_Required work:_ Only the total should be returned: the number of lines in the data that hold the string "longlongrightarrow".

(Collection entries)

○ ○ ○ ○ ○

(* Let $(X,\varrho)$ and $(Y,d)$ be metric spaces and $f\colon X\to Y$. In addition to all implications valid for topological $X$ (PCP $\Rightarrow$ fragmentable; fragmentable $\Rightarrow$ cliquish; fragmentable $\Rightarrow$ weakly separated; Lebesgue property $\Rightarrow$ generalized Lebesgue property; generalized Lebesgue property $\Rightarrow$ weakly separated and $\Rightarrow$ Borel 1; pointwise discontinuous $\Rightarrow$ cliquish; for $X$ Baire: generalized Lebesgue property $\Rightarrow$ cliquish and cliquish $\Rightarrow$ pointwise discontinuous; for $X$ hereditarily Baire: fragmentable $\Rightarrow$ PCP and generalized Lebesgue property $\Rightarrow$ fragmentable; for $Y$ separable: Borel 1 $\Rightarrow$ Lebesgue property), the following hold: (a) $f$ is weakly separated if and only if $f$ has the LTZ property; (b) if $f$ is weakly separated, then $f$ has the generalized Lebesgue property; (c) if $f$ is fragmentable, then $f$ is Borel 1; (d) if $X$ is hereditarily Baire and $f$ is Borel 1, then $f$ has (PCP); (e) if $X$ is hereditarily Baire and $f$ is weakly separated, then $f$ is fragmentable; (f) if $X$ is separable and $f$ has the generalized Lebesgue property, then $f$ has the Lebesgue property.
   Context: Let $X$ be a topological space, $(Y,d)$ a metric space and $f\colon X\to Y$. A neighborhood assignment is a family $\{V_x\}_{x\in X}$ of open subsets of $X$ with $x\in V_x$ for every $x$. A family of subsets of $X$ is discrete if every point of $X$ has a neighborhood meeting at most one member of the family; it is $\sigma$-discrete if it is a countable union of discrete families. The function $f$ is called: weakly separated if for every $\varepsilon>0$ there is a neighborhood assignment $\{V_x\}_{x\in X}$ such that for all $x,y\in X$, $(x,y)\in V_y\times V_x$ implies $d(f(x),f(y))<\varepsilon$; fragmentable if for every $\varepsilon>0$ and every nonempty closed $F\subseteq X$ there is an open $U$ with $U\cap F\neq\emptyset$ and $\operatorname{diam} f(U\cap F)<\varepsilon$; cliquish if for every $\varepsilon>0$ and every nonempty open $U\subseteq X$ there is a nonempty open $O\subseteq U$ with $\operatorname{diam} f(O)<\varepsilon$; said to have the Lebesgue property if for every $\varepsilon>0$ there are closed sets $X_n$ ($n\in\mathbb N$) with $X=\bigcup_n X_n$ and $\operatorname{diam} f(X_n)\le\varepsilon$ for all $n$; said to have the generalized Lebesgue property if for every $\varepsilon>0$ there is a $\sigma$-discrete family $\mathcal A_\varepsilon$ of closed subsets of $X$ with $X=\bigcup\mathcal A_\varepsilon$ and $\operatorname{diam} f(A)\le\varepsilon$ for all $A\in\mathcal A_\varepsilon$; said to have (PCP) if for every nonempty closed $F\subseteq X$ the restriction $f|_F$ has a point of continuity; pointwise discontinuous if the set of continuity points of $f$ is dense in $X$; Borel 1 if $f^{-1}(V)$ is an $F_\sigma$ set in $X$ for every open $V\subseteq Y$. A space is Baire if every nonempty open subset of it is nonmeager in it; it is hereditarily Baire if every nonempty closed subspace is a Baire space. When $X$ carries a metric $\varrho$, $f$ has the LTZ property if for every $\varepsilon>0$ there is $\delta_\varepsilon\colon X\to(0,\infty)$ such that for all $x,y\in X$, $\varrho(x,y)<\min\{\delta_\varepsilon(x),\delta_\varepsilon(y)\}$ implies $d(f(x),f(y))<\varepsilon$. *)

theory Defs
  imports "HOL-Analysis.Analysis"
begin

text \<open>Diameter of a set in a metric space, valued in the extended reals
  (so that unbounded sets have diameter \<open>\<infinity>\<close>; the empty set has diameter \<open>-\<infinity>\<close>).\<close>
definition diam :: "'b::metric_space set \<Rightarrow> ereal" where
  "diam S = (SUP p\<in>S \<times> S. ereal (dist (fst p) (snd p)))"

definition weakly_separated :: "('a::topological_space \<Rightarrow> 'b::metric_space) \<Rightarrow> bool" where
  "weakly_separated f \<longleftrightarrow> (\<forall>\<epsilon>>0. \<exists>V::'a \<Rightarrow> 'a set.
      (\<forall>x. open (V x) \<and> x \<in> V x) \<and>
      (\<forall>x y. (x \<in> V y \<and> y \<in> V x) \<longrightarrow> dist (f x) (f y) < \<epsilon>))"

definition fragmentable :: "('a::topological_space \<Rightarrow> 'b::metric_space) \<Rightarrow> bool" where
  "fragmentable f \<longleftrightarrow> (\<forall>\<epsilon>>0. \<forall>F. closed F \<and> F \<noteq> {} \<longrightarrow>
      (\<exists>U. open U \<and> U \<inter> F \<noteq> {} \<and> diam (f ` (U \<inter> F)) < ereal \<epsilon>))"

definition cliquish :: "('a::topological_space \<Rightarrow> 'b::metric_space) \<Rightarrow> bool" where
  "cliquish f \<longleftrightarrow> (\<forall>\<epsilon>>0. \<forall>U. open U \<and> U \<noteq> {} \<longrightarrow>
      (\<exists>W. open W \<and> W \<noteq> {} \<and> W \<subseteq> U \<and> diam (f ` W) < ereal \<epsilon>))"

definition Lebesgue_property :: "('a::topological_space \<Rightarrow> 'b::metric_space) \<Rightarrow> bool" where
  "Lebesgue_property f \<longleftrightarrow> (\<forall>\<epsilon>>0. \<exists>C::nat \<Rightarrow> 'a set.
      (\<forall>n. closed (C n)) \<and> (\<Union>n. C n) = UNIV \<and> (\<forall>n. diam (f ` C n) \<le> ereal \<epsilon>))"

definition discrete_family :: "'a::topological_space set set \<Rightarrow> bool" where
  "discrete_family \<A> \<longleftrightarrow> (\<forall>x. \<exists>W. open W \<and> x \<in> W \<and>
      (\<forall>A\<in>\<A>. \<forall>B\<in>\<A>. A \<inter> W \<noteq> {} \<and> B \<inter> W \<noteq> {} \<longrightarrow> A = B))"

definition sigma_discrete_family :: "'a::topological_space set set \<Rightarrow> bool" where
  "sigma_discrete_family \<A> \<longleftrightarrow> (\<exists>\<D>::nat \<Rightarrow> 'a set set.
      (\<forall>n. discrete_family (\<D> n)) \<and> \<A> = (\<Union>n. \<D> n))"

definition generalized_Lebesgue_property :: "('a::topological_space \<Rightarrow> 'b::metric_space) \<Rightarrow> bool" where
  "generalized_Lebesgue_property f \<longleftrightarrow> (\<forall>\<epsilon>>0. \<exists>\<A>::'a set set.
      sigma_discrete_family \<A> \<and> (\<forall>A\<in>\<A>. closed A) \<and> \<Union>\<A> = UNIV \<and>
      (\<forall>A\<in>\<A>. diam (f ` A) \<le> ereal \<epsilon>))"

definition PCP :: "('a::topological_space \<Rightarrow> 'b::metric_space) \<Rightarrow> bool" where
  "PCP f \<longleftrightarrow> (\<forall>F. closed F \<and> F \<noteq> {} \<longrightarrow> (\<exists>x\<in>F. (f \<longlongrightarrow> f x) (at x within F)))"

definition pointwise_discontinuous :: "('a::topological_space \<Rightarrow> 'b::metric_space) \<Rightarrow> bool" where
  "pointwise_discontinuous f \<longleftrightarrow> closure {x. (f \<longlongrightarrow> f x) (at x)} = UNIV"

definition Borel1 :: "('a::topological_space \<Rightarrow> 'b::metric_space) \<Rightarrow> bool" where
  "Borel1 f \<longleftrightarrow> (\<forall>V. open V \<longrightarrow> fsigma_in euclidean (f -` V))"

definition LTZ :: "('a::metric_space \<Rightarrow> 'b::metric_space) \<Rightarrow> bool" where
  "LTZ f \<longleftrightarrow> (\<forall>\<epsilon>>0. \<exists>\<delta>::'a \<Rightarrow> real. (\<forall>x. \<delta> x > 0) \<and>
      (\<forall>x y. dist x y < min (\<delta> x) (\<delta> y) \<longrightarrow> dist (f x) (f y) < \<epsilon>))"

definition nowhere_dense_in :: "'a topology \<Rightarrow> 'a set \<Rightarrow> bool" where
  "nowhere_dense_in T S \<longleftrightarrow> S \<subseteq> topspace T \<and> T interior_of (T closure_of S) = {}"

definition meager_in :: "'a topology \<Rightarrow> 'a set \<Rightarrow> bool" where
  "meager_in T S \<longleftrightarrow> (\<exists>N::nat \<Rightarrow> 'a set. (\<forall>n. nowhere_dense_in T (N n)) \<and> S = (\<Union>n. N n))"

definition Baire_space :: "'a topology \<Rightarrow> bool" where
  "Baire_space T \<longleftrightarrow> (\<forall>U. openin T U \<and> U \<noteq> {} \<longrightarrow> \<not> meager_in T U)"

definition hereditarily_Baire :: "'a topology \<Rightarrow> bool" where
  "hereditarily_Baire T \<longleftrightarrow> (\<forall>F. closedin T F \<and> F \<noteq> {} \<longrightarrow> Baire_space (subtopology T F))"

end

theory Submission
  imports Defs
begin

○ ○ ○ ○ ○

_Response:_ 2